▸ **Task description**
Please return the lines below verbatim, beginning at the one that has "using fold(1) folded_nonpos folded_neg" and stopping after the one that has "u * (exp_moment w 0 u)\<^sup>2", and add no other lines.

··········

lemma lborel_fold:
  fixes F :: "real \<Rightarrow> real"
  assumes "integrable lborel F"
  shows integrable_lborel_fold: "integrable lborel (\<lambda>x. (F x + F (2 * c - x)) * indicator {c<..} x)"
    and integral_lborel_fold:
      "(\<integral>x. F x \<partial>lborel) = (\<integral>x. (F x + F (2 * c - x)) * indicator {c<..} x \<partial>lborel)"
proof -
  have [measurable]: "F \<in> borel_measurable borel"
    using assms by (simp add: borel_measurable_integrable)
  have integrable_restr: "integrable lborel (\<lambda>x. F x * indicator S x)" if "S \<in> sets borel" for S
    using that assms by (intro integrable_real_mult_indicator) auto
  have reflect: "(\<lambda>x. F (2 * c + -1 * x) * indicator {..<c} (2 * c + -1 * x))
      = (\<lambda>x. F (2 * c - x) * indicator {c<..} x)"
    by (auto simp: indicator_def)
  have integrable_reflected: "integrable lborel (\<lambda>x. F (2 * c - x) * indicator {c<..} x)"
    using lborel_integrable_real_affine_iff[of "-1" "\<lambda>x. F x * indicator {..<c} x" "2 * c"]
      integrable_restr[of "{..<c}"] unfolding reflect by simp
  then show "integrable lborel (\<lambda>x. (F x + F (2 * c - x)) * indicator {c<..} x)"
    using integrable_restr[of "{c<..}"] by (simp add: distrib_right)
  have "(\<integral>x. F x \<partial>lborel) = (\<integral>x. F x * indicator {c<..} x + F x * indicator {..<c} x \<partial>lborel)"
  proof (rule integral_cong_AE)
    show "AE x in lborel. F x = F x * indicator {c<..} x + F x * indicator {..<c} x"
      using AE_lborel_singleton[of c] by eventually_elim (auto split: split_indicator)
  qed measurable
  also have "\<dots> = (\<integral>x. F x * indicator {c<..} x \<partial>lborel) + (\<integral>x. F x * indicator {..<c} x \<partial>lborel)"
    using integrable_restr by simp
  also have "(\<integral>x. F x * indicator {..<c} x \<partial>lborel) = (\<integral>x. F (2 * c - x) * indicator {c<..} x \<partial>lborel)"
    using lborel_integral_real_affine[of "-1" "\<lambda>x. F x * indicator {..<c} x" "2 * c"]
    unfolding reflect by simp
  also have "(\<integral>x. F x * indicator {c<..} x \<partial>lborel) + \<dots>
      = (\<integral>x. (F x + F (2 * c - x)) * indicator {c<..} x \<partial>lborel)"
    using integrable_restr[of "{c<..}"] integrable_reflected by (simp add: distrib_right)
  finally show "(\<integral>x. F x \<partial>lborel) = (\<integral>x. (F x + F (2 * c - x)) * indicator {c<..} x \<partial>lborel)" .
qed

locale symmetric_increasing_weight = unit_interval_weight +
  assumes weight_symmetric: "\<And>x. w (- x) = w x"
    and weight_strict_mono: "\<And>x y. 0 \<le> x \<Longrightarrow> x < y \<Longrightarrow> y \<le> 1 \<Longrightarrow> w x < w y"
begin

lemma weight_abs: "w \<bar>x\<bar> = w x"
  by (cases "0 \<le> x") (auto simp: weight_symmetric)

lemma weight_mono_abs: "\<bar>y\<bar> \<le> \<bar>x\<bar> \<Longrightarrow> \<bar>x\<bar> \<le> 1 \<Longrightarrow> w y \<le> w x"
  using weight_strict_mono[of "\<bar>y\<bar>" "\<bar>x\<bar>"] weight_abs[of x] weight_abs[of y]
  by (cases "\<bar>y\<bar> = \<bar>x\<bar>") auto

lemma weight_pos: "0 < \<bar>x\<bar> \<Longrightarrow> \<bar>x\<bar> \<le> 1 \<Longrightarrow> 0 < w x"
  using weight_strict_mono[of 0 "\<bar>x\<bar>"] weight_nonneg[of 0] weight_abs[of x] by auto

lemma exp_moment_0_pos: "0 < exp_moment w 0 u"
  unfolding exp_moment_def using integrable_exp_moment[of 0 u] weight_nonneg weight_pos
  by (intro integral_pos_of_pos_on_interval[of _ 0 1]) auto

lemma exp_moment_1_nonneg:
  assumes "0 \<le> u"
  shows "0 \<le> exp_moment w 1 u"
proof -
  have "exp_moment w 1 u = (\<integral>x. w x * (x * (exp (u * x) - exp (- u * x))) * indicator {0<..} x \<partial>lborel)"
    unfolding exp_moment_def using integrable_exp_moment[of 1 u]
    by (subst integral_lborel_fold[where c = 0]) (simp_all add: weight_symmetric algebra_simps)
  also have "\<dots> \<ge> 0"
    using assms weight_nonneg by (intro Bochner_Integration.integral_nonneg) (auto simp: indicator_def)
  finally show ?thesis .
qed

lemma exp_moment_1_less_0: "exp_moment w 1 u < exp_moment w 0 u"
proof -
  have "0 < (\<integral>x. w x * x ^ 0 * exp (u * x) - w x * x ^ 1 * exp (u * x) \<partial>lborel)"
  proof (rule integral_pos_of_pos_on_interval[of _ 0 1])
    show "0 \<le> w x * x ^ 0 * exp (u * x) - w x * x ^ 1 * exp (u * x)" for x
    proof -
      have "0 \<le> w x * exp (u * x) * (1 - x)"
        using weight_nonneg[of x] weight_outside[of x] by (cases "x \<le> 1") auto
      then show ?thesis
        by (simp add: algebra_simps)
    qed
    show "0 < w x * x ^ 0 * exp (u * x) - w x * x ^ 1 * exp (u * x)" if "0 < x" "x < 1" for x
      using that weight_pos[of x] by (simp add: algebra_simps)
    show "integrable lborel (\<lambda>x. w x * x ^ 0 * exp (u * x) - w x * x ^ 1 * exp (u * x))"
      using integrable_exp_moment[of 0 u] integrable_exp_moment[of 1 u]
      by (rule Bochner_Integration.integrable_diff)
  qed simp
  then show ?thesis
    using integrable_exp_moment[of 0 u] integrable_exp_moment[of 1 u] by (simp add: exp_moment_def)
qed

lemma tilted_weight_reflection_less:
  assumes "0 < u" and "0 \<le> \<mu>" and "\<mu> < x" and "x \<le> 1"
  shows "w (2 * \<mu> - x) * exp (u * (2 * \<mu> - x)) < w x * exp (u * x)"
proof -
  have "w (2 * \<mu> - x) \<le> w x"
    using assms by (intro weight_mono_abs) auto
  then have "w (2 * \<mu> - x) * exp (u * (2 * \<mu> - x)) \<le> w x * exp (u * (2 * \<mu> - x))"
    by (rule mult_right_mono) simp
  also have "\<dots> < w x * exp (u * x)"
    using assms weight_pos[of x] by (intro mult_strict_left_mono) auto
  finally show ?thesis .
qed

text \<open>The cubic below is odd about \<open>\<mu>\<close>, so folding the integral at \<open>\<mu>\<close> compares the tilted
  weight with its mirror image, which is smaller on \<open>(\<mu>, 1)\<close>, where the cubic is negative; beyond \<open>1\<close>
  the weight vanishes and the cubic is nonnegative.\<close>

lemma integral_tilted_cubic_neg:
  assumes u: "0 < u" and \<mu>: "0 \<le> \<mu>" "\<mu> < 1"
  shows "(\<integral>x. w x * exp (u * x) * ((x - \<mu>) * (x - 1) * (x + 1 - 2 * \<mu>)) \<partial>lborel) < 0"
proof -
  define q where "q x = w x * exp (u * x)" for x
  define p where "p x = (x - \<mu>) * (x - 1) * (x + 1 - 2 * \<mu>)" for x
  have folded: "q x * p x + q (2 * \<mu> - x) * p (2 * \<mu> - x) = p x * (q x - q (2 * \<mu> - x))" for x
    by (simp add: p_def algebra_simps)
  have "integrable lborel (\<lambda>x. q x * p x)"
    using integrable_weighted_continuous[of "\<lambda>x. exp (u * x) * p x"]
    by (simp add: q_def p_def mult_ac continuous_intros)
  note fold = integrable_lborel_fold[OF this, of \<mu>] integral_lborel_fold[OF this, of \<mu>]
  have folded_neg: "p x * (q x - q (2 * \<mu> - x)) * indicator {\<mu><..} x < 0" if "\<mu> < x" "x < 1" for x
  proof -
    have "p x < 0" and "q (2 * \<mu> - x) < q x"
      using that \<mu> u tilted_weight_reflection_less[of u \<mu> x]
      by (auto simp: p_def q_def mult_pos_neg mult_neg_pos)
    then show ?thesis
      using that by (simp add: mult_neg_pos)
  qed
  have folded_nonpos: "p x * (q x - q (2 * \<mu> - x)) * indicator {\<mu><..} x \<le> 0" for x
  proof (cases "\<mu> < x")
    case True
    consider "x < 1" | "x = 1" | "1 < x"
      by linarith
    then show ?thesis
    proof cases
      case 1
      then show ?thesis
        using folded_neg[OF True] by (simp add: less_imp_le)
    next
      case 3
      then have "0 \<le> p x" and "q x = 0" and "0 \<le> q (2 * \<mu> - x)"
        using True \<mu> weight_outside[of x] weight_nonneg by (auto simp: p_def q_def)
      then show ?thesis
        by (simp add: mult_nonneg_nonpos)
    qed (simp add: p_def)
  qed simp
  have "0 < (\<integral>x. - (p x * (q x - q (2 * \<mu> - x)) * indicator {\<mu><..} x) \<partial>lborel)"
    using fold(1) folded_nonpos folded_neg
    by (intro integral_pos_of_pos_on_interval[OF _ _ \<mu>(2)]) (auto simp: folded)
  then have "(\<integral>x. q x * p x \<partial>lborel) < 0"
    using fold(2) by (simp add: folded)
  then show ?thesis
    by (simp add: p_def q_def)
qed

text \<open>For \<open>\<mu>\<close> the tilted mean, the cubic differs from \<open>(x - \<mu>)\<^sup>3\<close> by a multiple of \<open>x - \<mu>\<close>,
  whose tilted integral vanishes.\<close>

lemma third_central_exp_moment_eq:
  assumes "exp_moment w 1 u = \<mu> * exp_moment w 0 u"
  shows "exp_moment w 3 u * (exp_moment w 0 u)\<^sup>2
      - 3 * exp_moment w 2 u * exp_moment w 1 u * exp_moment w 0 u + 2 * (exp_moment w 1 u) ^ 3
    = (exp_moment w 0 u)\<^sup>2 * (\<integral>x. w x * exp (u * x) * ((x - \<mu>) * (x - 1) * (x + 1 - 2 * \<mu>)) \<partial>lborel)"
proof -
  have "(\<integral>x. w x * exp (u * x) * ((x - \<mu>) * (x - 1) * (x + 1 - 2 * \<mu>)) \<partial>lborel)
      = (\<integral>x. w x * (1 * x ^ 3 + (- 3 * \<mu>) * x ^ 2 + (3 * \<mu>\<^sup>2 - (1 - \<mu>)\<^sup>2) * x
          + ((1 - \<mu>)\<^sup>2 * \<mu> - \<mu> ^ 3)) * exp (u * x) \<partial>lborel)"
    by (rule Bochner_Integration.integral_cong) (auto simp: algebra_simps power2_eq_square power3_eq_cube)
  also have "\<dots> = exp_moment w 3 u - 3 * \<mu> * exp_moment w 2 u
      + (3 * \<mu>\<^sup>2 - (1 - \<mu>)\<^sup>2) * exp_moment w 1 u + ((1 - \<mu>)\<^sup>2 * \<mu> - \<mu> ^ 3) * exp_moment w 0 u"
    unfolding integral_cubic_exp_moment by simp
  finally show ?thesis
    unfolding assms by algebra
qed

··········

▸ **Finished exercise**
    using fold(1) folded_nonpos folded_neg
    by (intro integral_pos_of_pos_on_interval[OF _ _ \<mu>(2)]) (auto simp: folded)
  then have "(\<integral>x. q x * p x \<partial>lborel) < 0"
    using fold(2) by (simp add: folded)
  then show ?thesis
    by (simp add: p_def q_def)
qed

text \<open>For \<open>\<mu>\<close> the tilted mean, the cubic differs from \<open>(x - \<mu>)\<^sup>3\<close> by a multiple of \<open>x - \<mu>\<close>,
  whose tilted integral vanishes.\<close>

lemma third_central_exp_moment_eq:
  assumes "exp_moment w 1 u = \<mu> * exp_moment w 0 u"
  shows "exp_moment w 3 u * (exp_moment w 0 u)\<^sup>2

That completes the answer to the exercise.